Mercy risked a glance over her shoulder and saw the gaping hole in Mareritt’s chest was beginning to knit together: blood, tissue, lace and bone all forming a seamless whole. Mareritt’s mouth was open so wide, she looked barely human.
Well, she wasn’t, was she
? Mercy reminded herself. She concentrated on the Pass ahead.
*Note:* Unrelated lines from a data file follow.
lemma solution_imp_subsolution:
  fixes l :: "'a::metric_space \<Rightarrow> real"
  assumes sol: "is_solution lam l v" and lam: "0 \<le> lam"
  obtains f where "v = (\<lambda>x. ereal (f x))" "is_subsolution lam l f" "\<And>x. lam * f x \<le> l x"
    "(INF x. ereal (f x)) = 0"
proof -
  have eq: "ereal lam * v x + gslope v x = ereal (l x)" for x
    using sol by (simp add: is_solution_def)
  have "v x \<noteq> \<infinity>" for x
  proof
    assume "v x = \<infinity>"
    then have "gslope v x = \<infinity>" by (simp add: gslope_def)
    with eq[of x] \<open>v x = \<infinity>\<close> lam show False by (cases "lam = 0") auto
  qed
  moreover have "v x \<noteq> -\<infinity>" for x
    using sol by (simp add: is_solution_def)
  ultimately have v: "v = (\<lambda>x. ereal (real_of_ereal (v x)))"
    by (intro ext ereal_real'[symmetric]) auto
  define f where "f x = real_of_ereal (v x)" for x
  have "gslope (\<lambda>x. ereal (f x)) x = ereal (l x - lam * f x)" for x
  proof -
    have "ereal lam * ereal (f x) + gslope (\<lambda>x. ereal (f x)) x = ereal (l x)"
      using eq[of x] v unfolding f_def by metis
    then show ?thesis by (cases "gslope (\<lambda>x. ereal (f x)) x") auto
  qed
  then have slope: "0 \<le> l x - lam * f x \<and> (\<forall>y. f x - f y \<le> (l x - lam * f x) * dist x y)" for x
    by (metis gslope_le_iff order_refl)
  show ?thesis
  proof (rule that)
    show "v = (\<lambda>x. ereal (f x))" using v by (simp add: f_def)
    then show "(INF x. ereal (f x)) = 0" using sol by (simp add: is_solution_def)
    show "is_subsolution lam l f" using slope by (simp add: is_subsolution_def)
    show "lam * f x \<le> l x" for x using slope[of x] by simp
  qed
qed

lemma subsolution_bump:
  fixes F l :: "'a::metric_space \<Rightarrow> real"
  assumes lam: "0 \<le> lam" and lsc_l: "lsc l" and sub: "is_subsolution lam l F"
    and c: "0 \<le> c" "c < l x - lam * F x" and slope: "\<And>y. F x - F y \<le> c * dist x y"
  obtains w k where "is_subsolution lam l w" "0 < k" "\<And>z. F z \<le> w z"
    "\<And>z. F z < w z \<Longrightarrow> lam * w z + k \<le> l z" "F x < w x"
proof -
  define e where "e = (l x - lam * F x - c) / 4"
  have e: "e > 0" using c by (simp add: e_def)
  have "open {z. l x - e < l z}" using lsc_l by (simp add: lsc_def)
  moreover have "x \<in> {z. l x - e < l z}" using e by simp
  ultimately obtain r where r: "r > 0" "\<forall>z. dist z x < r \<longrightarrow> z \<in> {z. l x - e < l z}"
    unfolding open_dist by blast
  define eta where "eta = min (e * r / 2) (e / (lam + 1))"
  have eta: "eta > 0" using e r lam by (simp add: eta_def)
  define phi where "phi z = F x + eta - (c + e) * dist x z" for z
  define w where "w z = max (F z) (phi z)" for z
  have near: "l x - e < l z" if "F z < phi z" for z
  proof -
    have "e * dist x z < e * (r / 2)"
      using slope[of z] that unfolding phi_def eta_def by (simp add: algebra_simps)
    then have "dist x z < r / 2" using e by (simp only: mult_less_cancel_left_pos)
    then have "dist x z < r" using zero_le_dist[of x z] by linarith
    then show ?thesis using r by (simp add: dist_commute)
  qed
  have lam_eta: "lam * eta \<le> e"
  proof -
    have "lam * eta \<le> lam * (e / (lam + 1))" using lam by (intro mult_left_mono) (simp_all add: eta_def)
    also have "\<dots> \<le> e" using lam e by (simp add: field_simps)
    finally show ?thesis .
  qed
  have phi_bound: "lam * phi z + (c + e) + e \<le> l z" if "F z < phi z" for z
  proof -
    have "lam * phi z \<le> lam * (F x + eta)"
      using lam c e unfolding phi_def by (intro mult_left_mono) auto
    then have "lam * phi z \<le> lam * F x + e" using lam_eta by (simp add: distrib_left)
    moreover have "4 * e = l x - lam * F x - c" by (simp add: e_def)
    ultimately show ?thesis using near[OF that] by linarith
  qed
  have "is_subsolution lam l w"
    unfolding is_subsolution_def
  proof (intro allI)
    fix z y
    show "w z - w y \<le> (l z - lam * w z) * dist z y"
    proof (cases "F z < phi z")
      case True
      have "phi z - phi y = (c + e) * (dist x y - dist x z)" by (simp add: phi_def algebra_simps)
      also have "\<dots> \<le> (c + e) * dist z y"
        using dist_triangle[of x y z] c e by (intro mult_left_mono) auto
      also have "\<dots> \<le> (l z - lam * phi z) * dist z y"
        using phi_bound[OF True] e by (intro mult_right_mono) auto
      finally show ?thesis using True by (simp add: w_def)
    next
      case False
      then have wz: "w z = F z" by (simp add: w_def)
      have "F z - F y \<le> (l z - lam * F z) * dist z y"
        using sub by (simp add: is_subsolution_def)
      moreover have "F y \<le> w y" by (simp add: w_def)
      ultimately show ?thesis unfolding wz by linarith
    qed
  qed
  moreover have "lam * w z + e \<le> l z" if "F z < w z" for z
  proof -
    have "F z < phi z" "w z = phi z" using that by (auto simp: w_def)
    then show ?thesis using phi_bound[of z] e c(1) by simp
  qed
  moreover have "F x < w x" using eta by (simp add: w_def phi_def)
  moreover have "F z \<le> w z" for z by (simp add: w_def)
  ultimately show ?thesis using that e by blast
qed

lemma gslope_eq_if_no_bump:
  fixes F l :: "'a::metric_space \<Rightarrow> real"
  assumes lam: "0 \<le> lam" and lsc_l: "lsc l" and sub: "is_subsolution lam l F"
    and bounded: "lam * F x \<le> l x"
    and no_bump: "\<And>w k. is_subsolution lam l w \<Longrightarrow> 0 < k \<Longrightarrow> (\<And>z. F z \<le> w z) \<Longrightarrow>
      (\<And>z. F z < w z \<Longrightarrow> lam * w z + k \<le> l z) \<Longrightarrow> w x \<le> F x"
  shows "gslope (\<lambda>x. ereal (F x)) x = ereal (l x - lam * F x)"
proof (rule antisym)
  show "gslope (\<lambda>x. ereal (F x)) x \<le> ereal (l x - lam * F x)"
    using sub bounded by (simp add: gslope_le_iff is_subsolution_def)
  show "ereal (l x - lam * F x) \<le> gslope (\<lambda>x. ereal (F x)) x"
  proof (rule ccontr)
    assume "\<not> ?thesis"
    moreover have "0 \<le> gslope (\<lambda>x. ereal (F x)) x" by (rule gslope_nonneg)
    ultimately obtain c where gs: "gslope (\<lambda>x. ereal (F x)) x = ereal c"
      and c_less: "c < l x - lam * F x"
      by (cases "gslope (\<lambda>x. ereal (F x)) x") auto
    from gs have c: "0 \<le> c" "\<And>y. F x - F y \<le> c * dist x y"
      using gslope_le_iff[of F x c] by simp_all
    obtain w k where w: "is_subsolution lam l w" "0 < k" "\<And>z. F z \<le> w z"
      "\<And>z. F z < w z \<Longrightarrow> lam * w z + k \<le> l z" and raised: "F x < w x"
      using subsolution_bump[OF lam lsc_l sub c(1) c_less c(2)] by metis
    from no_bump[OF w] raised show False by simp
  qed
qed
Deed was expecting the wolf when it came. He had heard it coming through the trees; soft footed, it had nonetheless betrayed itself by the single rustle of a twig. He pretended to be lost, glancing nervously around him, adjusting his appearance to partway human. It would not fool the wolf entirely—they knew disir when they smelled one—but it might confuse it. Thus he was, deliberately, facing away from the wolf when it sprang. Then he turned, falling backwards, reaching up with taloned fingers to rake the wolf’s throat. Its own momentum ripped out its jugular. Deed, exulting, was covered in a bath’s worth of blood. He drank it in, an indulgence, for it was the wolf’s spirit that he was lapping up, stealing its strength, its wildness, its ferocity. At the very bottom of its animal soul lay something that might be compared to a bright jewel: a shining pearl which Deed recognised as its imprimatur from the old god. A berry of mistletoe. This he did not touch, and it fell snowflake silent to the ground and dimmed away. There was a chance that Loki would be conscious of it, a little candle going out, but hell, animals died all the time. He hadn’t been aware of any tugs on the wyrd-web, but he’d taken good care to shut himself off from it, severing any connections that might have curled out, vine tendrils from his spirit. Old Loki was subtle, though. Deed still wasn’t planning on taking risks.
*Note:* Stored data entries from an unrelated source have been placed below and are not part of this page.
(* Let $F$ and $G$ be Fourier matrices of the same size $N$ with indexing groups $I_F,I_G$. (a) $F$ and $G$ are equivalent (i.e. $G=SFT^{-1}$ for some $N\times N$ enphased permutation matrices $S,T$) if and only if they are permutation equivalent (i.e. $G=PFR^{-1}$ for some permutation matrices $P,R$), i.e. if and only if $I_F$ and $I_G$ are isomorphic. (b) If $F$ and $G$ are equivalent, then $$\mathrm{Map}_{\mathcal P}(F,G)=\mathrm{Map}_{\mathcal S}(F,G)\cdot\mathrm{Stab}_{\mathcal Z}(F)=\mathrm{Stab}_{\mathcal Z}(G)\cdot\mathrm{Map}_{\mathcal S}(F,G).$$
   Context: For $n\ge1$, $F_n$ is the $n\times n$ matrix with rows and columns indexed by $\mathbb Z_n$ and entries $e^{2\pi i\,\tilde i\tilde j/n}$. A Fourier matrix is $F=F_{N_1}\otimes\cdots\otimes F_{N_r}$ of size $N=N_1\cdots N_r$, indexed by $I_F=\mathbb Z_{N_1}\times\cdots\times\mathbb Z_{N_r}$ with $F_{i,j}=\prod_x(F_{N_x})_{i_x,j_x}$; group indices correspond to ordinary indices via lexicographic order. An enphased permutation matrix is the product of a permutation matrix and a unitary diagonal matrix. Pairs $(S,T)$ of invertible matrices act on $N\times N$ matrices by $(S,T)X=SXT^{-1}$ and are multiplied componentwise. $\mathrm{Map}_{\mathcal P}(F,G)$ is the set of pairs of enphased permutation matrices mapping $F$ to $G$; $\mathrm{Map}_{\mathcal S}(F,G)$ the set of pairs of permutation matrices mapping $F$ to $G$; $\mathrm{Stab}_{\mathcal Z}(F)$ the set of pairs of matrices from $\{DZ_k:\ D\text{ unitary diagonal},\ k\in I_F\}$ mapping $F$ to $F$, where $Z_k$ is the permutation matrix with $(Z_k)_{i,i+k}=1$ for $i\in I_F$. Products of sets of pairs are sets of products. *)

theory Defs
  imports "Jordan_Normal_Form.Matrix" "HOL-Algebra.Group" "HOL-Combinatorics.Permutations"
begin

text \<open>A Fourier matrix F = F_{N_1} (x) ... (x) F_{N_r} is described by the list Ns = [N_1,...,N_r].\<close>

definition idx_set :: "nat list \<Rightarrow> nat list set" where
  "idx_set Ns = {xs. length xs = length Ns \<and> (\<forall>x<length Ns. xs ! x < Ns ! x)}"

definition idx_add :: "nat list \<Rightarrow> nat list \<Rightarrow> nat list \<Rightarrow> nat list" where
  "idx_add Ns a b = map (\<lambda>x. (a ! x + b ! x) mod (Ns ! x)) [0..<length Ns]"

definition idx_group :: "nat list \<Rightarrow> nat list monoid" where
  "idx_group Ns = \<lparr>carrier = idx_set Ns, mult = idx_add Ns, one = replicate (length Ns) 0\<rparr>"

text \<open>Correspondence between ordinary indices 0..N-1 and group indices via lexicographic order
(first coordinate most significant).\<close>

fun to_idx :: "nat list \<Rightarrow> nat \<Rightarrow> nat list" where
  "to_idx [] k = []"
| "to_idx (n # ns) k = (k div prod_list ns) # to_idx ns (k mod prod_list ns)"

definition fourier :: "nat list \<Rightarrow> complex mat" where
  "fourier Ns = mat (prod_list Ns) (prod_list Ns)
     (\<lambda>(i, j). \<Prod>x<length Ns. exp (2 * of_real pi * \<i> * of_nat (to_idx Ns i ! x)
                                      * of_nat (to_idx Ns j ! x) / of_nat (Ns ! x)))"

definition perm_mat :: "nat \<Rightarrow> (nat \<Rightarrow> nat) \<Rightarrow> complex mat" where
  "perm_mat n \<sigma> = mat n n (\<lambda>(i, j). if \<sigma> j = i then 1 else 0)"

definition perm_mats :: "nat \<Rightarrow> complex mat set" where
  "perm_mats n = {perm_mat n \<sigma> | \<sigma>. \<sigma> permutes {..<n}}"

definition unit_diag_mats :: "nat \<Rightarrow> complex mat set" where
  "unit_diag_mats n = {mat_diag n d | d. \<forall>i<n. cmod (d i) = 1}"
It was now obvious that Mareritt would not be mended by the time they reached the Pass. Mercy estimated this to be another thirty seconds or so. The Pass filled the sky: it was like flying into the sunset. As a child, and sometimes now, Mercy had hung out of the back windows of her house, looking into the shining crimson sky above the Western Sea and its the golden clouds of islands, wondering if she would ever visit them. A whimsical notion, but now here she was. These clouds were moving too fast to be islands, however. They were like boiling clouds of golden steam, laced with lightning fire. Mercy couldn’t help feeling if she took the sleigh into the middle of that, they’d all be fried.
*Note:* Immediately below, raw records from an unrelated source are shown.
(* Let $\mathbf{w} = (\omega_k)_{k\geq 1}$ be a bounded sequence of strictly positive real numbers such that $$\sup_{n \geq 1} \inf_{k \geq 1} \prod_{j=1}^n \omega_{k+j} \leq 1.$$ Then there exists $\beta \geq 1$ such that for every $N \in \mathbb{N}$ the set $$\mathcal{A}^{\mathbf{w}}_{N,\beta} = \Big\{ k \in \mathbb{N} : \max_{k < u \leq k+N} \prod_{j=u}^{k+N} \omega_j \leq \beta \Big\}$$ is infinite. *)

theory Defs
  imports Complex_Main
begin

end

theory Submission
  imports Defs
begin

text \<open>Take \<open>\<beta> = 2\<close>. If for some \<open>N\<close> the set were finite, then beyond some threshold \<open>K\<close>
  every index \<open>v\<close> would end a block \<open>{u..v}\<close> of at most \<open>N\<close> terms whose product exceeds \<open>2\<close>.
  Chaining such blocks backwards from \<open>v\<close> down to \<open>a \<ge> K\<close> shows that the product of \<open>w\<close> over
  \<open>{a<..v}\<close> is at least \<open>2 ^ ((v - a) div N) / M ^ N\<close>, where \<open>M \<ge> 1\<close> bounds \<open>w\<close>: the last
  block may reach below \<open>a\<close>, but by fewer than \<open>N\<close> terms, each at most \<open>M\<close>. Blocks starting
  before \<open>K\<close> lose only a fixed positive factor, so the products of \<open>w\<close> over all sufficiently
  long blocks are uniformly large, contradicting the hypothesis on the infima.\<close>

lemma prod_atLeastAtMost_split_nat:
  fixes f :: "nat \<Rightarrow> 'a::comm_monoid_mult"
  assumes "a \<le> m" "m \<le> v"
  shows "(\<Prod>j=Suc a..v. f j) = (\<Prod>j=Suc a..m. f j) * (\<Prod>j=Suc m..v. f j)"
proof -
  have "{Suc a..v} = {Suc a..m} \<union> {Suc m..v}" using assms by auto
  then show ?thesis by (simp add: prod.union_disjoint)
qed

lemma prod_block_chain_lower_bound:
  fixes w :: "nat \<Rightarrow> real" and b M :: real
  assumes pos: "\<And>j. j \<ge> 1 \<Longrightarrow> w j > 0"
    and bound: "\<And>j. j \<ge> 1 \<Longrightarrow> w j \<le> M"
    and "M \<ge> 1" "b \<ge> 1" "N \<ge> 1" "a \<ge> N"
    and blocks: "\<And>v. v > a \<Longrightarrow> \<exists>u. v - N < u \<and> u \<le> v \<and> (\<Prod>j=u..v. w j) > b"
    and "a \<le> v"
  shows "b ^ ((v - a) div N) \<le> M ^ N * (\<Prod>j=Suc a..v. w j)"
  using \<open>a \<le> v\<close>
proof (induction v rule: less_induct)
  case (less v)
  have "M ^ N \<ge> 1" using \<open>M \<ge> 1\<close> by simp
  show ?case
  proof (cases "v = a")
    case True
    then show ?thesis using \<open>M ^ N \<ge> 1\<close> by simp
  next
    case False
    with less.prems have "a < v" by simp
    then obtain u where u: "v - N < u" "u \<le> v" "(\<Prod>j=u..v. w j) > b"
      using blocks by blast
    have "u \<ge> 1" using u \<open>a < v\<close> \<open>a \<ge> N\<close> by linarith
    show ?thesis
    proof (cases "a < u")
      case True
      have IH: "b ^ ((u - 1 - a) div N) \<le> M ^ N * (\<Prod>j=Suc a..u-1. w j)"
        using less.IH[of "u - 1"] True u(2) by simp
      have "(v - a) div N \<le> (u - 1 - a + N) div N"
        using u(1) True by (intro div_le_mono) linarith
      also have "\<dots> = Suc ((u - 1 - a) div N)" using \<open>N \<ge> 1\<close> by simp
      finally have "b ^ ((v - a) div N) \<le> b * b ^ ((u - 1 - a) div N)"
        using \<open>b \<ge> 1\<close> by (metis power_Suc power_increasing)
      also have "\<dots> \<le> (\<Prod>j=u..v. w j) * (M ^ N * (\<Prod>j=Suc a..u-1. w j))"
        using IH u(3) \<open>b \<ge> 1\<close> by (intro mult_mono) auto
      also have "\<dots> = M ^ N * (\<Prod>j=Suc a..v. w j)"
        using prod_atLeastAtMost_split_nat[of a "u - 1" v w] True u(2) \<open>u \<ge> 1\<close> by simp
      finally show ?thesis .
    next
      case False
      have "(v - a) div N = 0" using u(1) \<open>a < v\<close> False by simp
      have "(\<Prod>j=u..a. w j) \<le> M ^ (Suc a - u)"
        using pos bound \<open>u \<ge> 1\<close> \<open>M \<ge> 1\<close> by (intro prod_le_power) (auto intro: less_imp_le)
      also have "\<dots> \<le> M ^ N"
        using u(1) \<open>a < v\<close> \<open>M \<ge> 1\<close> by (intro power_increasing) auto
      finally have head: "(\<Prod>j=u..a. w j) \<le> M ^ N" .
      have tail: "(\<Prod>j=Suc a..v. w j) > 0"
        using pos \<open>a \<ge> N\<close> \<open>N \<ge> 1\<close> by (intro prod_pos) auto
      have "1 \<le> b" by fact
      also have "b < (\<Prod>j=u..v. w j)" by fact
      also have "\<dots> = (\<Prod>j=u..a. w j) * (\<Prod>j=Suc a..v. w j)"
        using prod_atLeastAtMost_split_nat[of "u - 1" a v w] False \<open>a < v\<close> \<open>u \<ge> 1\<close> by simp
      also have "\<dots> \<le> M ^ N * (\<Prod>j=Suc a..v. w j)"
        using head tail by (intro mult_right_mono) auto
      finally show ?thesis using \<open>(v - a) div N = 0\<close> by simp
    qed
  qed
qed

lemma long_block_products_unbounded:
  fixes w :: "nat \<Rightarrow> real" and b M C :: real
  assumes pos: "\<And>j. j \<ge> 1 \<Longrightarrow> w j > 0"
    and bound: "\<And>j. j \<ge> 1 \<Longrightarrow> w j \<le> M"
    and "M \<ge> 1" "b > 1" "N \<ge> 1" "K \<ge> N"
    and blocks: "\<And>v. v > K \<Longrightarrow> \<exists>u. v - N < u \<and> u \<le> v \<and> (\<Prod>j=u..v. w j) > b"
  shows "\<exists>n\<ge>1. \<forall>k\<ge>1. C \<le> (\<Prod>j=Suc k..k+n. w j)"
proof -
  have chain: "b ^ ((v - a) div N) \<le> M ^ N * (\<Prod>j=Suc a..v. w j)" if "K \<le> a" "a \<le> v" for a v
    using prod_block_chain_lower_bound[OF pos bound \<open>M \<ge> 1\<close> _ \<open>N \<ge> 1\<close>, where b=b and a=a and v=v] blocks that
      \<open>b > 1\<close> \<open>K \<ge> N\<close> by auto
  define c where "c = Min ((\<lambda>k. \<Prod>j=Suc k..K. w j) ` {1..K})"
  have c_le: "c \<le> (\<Prod>j=Suc k..K. w j)" if "1 \<le> k" "k \<le> K" for k
    unfolding c_def using that by (intro Min_le) auto
  have "c > 0"
    unfolding c_def using pos \<open>K \<ge> N\<close> \<open>N \<ge> 1\<close> by (subst Min_gr_iff) (auto intro!: prod_pos)
  have "c \<le> 1" using c_le[of K] \<open>K \<ge> N\<close> \<open>N \<ge> 1\<close> by simp
  have lower: "c * b ^ ((n - K) div N) \<le> M ^ N * (\<Prod>j=Suc k..k+n. w j)"
    if "k \<ge> 1" "n \<ge> K" for k n
  proof (cases "K \<le> k")
    case True
    have "c * b ^ ((n - K) div N) \<le> 1 * b ^ ((k + n - k) div N)"
      using \<open>c > 0\<close> \<open>c \<le> 1\<close> \<open>b > 1\<close> by (intro mult_mono power_increasing div_le_mono) auto
    also have "\<dots> \<le> M ^ N * (\<Prod>j=Suc k..k+n. w j)"
      using chain[of k "k + n"] True by simp
    finally show ?thesis .
  next
    case False
    have "b ^ ((n - K) div N) \<le> b ^ ((k + n - K) div N)"
      using \<open>b > 1\<close> by (intro power_increasing div_le_mono) auto
    also have "\<dots> \<le> M ^ N * (\<Prod>j=Suc K..k+n. w j)"
      using chain[of K "k + n"] \<open>n \<ge> K\<close> by simp
    finally have "c * b ^ ((n - K) div N) \<le> (\<Prod>j=Suc k..K. w j) * (M ^ N * (\<Prod>j=Suc K..k+n. w j))"
      using c_le[of k] \<open>k \<ge> 1\<close> False \<open>c > 0\<close> \<open>b > 1\<close> by (intro mult_mono) auto
    also have "\<dots> = M ^ N * (\<Prod>j=Suc k..k+n. w j)"
      using prod_atLeastAtMost_split_nat[of k K "k + n" w] False \<open>n \<ge> K\<close> by simp
    finally show ?thesis .
  qed
  obtain t where t: "M ^ N * C / c < b ^ t"
    using real_arch_pow[OF \<open>b > 1\<close>] by blast
  define n where "n = K + N * t"
  have "n \<ge> K" "(n - K) div N = t" using \<open>N \<ge> 1\<close> unfolding n_def by simp_all
  have "n \<ge> 1" using \<open>n \<ge> K\<close> \<open>K \<ge> N\<close> \<open>N \<ge> 1\<close> by simp
  moreover have "C \<le> (\<Prod>j=Suc k..k+n. w j)" if "k \<ge> 1" for k
  proof -
    have "M ^ N * C < c * b ^ ((n - K) div N)"
      using t \<open>c > 0\<close> \<open>(n - K) div N = t\<close> by (simp add: field_simps)
    also have "\<dots> \<le> M ^ N * (\<Prod>j=Suc k..k+n. w j)"
      using lower that \<open>n \<ge> K\<close> .
    finally show ?thesis using \<open>M \<ge> 1\<close> by simp
  qed
  ultimately show ?thesis by blast
qed

lemma heavy_blocks_if_finitely_many_light_windows:
  fixes w :: "nat \<Rightarrow> real"
  assumes "N \<ge> 1" "finite {k. k \<ge> 1 \<and> Max ((\<lambda>u. \<Prod>j=u..k+N. w j) ` {k<..k+N}) \<le> \<beta>}"
    (is "finite ?S")
  shows "\<exists>K\<ge>N. \<forall>v>K. \<exists>u. v - N < u \<and> u \<le> v \<and> (\<Prod>j=u..v. w j) > \<beta>"
proof -
  obtain K where K: "\<And>k. k \<in> ?S \<Longrightarrow> k < K"
    using assms(2) unfolding finite_nat_set_iff_bounded Ball_def by blast
  have "\<exists>u. v - N < u \<and> u \<le> v \<and> (\<Prod>j=u..v. w j) > \<beta>" if "v > K + N" for v
  proof -
    define k where "k = v - N"
    have "v = k + N" "k \<ge> 1" "\<not> k < K" using that unfolding k_def by auto
    then have "\<not> Max ((\<lambda>u. \<Prod>j=u..k+N. w j) ` {k<..k+N}) \<le> \<beta>" using K[of k] by blast
    moreover have "{k<..k+N} \<noteq> {}" using \<open>N \<ge> 1\<close> by simp
    ultimately obtain u where "k < u" "u \<le> k + N" "(\<Prod>j=u..k+N. w j) > \<beta>"
      by (subst (asm) Max_le_iff) auto
    then show ?thesis using \<open>v = k + N\<close> by auto
  qed
  then show ?thesis by (intro exI[of _ "K + N"]) auto
qed

theorem lemma2p4:
  fixes w :: "nat \<Rightarrow> real"
  assumes pos: "\<And>k. k \<ge> 1 \<Longrightarrow> w k > 0"
    and bdd: "\<exists>M. \<forall>k\<ge>1. w k \<le> M"
    and cond: "\<forall>n\<ge>1. (INF k\<in>{1..}. \<Prod>j=1..n. w (k + j)) \<le> 1"
  shows "\<exists>\<beta>\<ge>1. \<forall>N\<ge>1. infinite {k::nat. k \<ge> 1 \<and>
            Max ((\<lambda>u. \<Prod>j=u..k+N. w j) ` {k<..k+N}) \<le> \<beta>}"
proof (intro exI[of _ 2] conjI allI impI notI)
  fix N :: nat assume "N \<ge> 1"
    and "finite {k. k \<ge> 1 \<and> Max ((\<lambda>u. \<Prod>j=u..k+N. w j) ` {k<..k+N}) \<le> 2}"
  then obtain K where "K \<ge> N"
    and blocks: "\<And>v. v > K \<Longrightarrow> \<exists>u. v - N < u \<and> u \<le> v \<and> (\<Prod>j=u..v. w j) > 2"
    using heavy_blocks_if_finitely_many_light_windows by blast
  obtain M where "\<And>k. k \<ge> 1 \<Longrightarrow> w k \<le> M" using bdd by blast
  then have bound: "\<And>k. k \<ge> 1 \<Longrightarrow> w k \<le> max 1 M" by (simp add: le_max_iff_disj)
  obtain n where "n \<ge> 1" and n: "\<And>k. k \<ge> 1 \<Longrightarrow> 2 \<le> (\<Prod>j=Suc k..k+n. w j)"
    using long_block_products_unbounded[OF pos bound max.cobounded1 _ \<open>N \<ge> 1\<close> \<open>K \<ge> N\<close> blocks]
    by auto
  have "2 \<le> (INF k\<in>{1..}. \<Prod>j=1..n. w (k + j))"
  proof (rule cINF_greatest)
    fix k :: nat assume "k \<in> {1..}"
    then show "2 \<le> (\<Prod>j=1..n. w (k + j))"
      using n[of k] prod.shift_bounds_cl_nat_ivl[of w 1 k n] by (simp add: add.commute)
  qed auto
  with cond \<open>n \<ge> 1\<close> show False by force
qed simp

end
Then the clouds parted and she gasped. There were gates in the Pass. They reared up in the form of columns of black cloud, soft as ink or soot, then hardening to the resemblance of stone. On a ledge on the left hand gate, someone was standing, holding a sword of flame.

“You’ll have to—have to—” That was Mareritt, from the back of the sleigh. Her voice was a reedy gasp, almost inaudible.

“What’s she saying?” Mercy called.

“You’ll have to stop the sleigh!”

“But what about the demons?” Mercy looked back. They were still being pursued, but the bulk of the swarm was still amassing, readying to pour through the Pass. The heads continued to spit fire. Shadow leaned over the lip of the sleigh. Her gaze was intent.

“Mercy, you’ll have to take us down to that ledge. We’ve got to go past the guardian.”

“Do you know who it is?”

“No, but I’ve got some suspicions.”

The sleigh soared downwards. Close up, Mercy could see that the columns were akin to basalt: if this was an illusion, it was a remarkably realistic one. Both the ledge, and the figure, were far larger than they should have been, but as the sleigh grew rapidly nearer they, too, adjusted in size.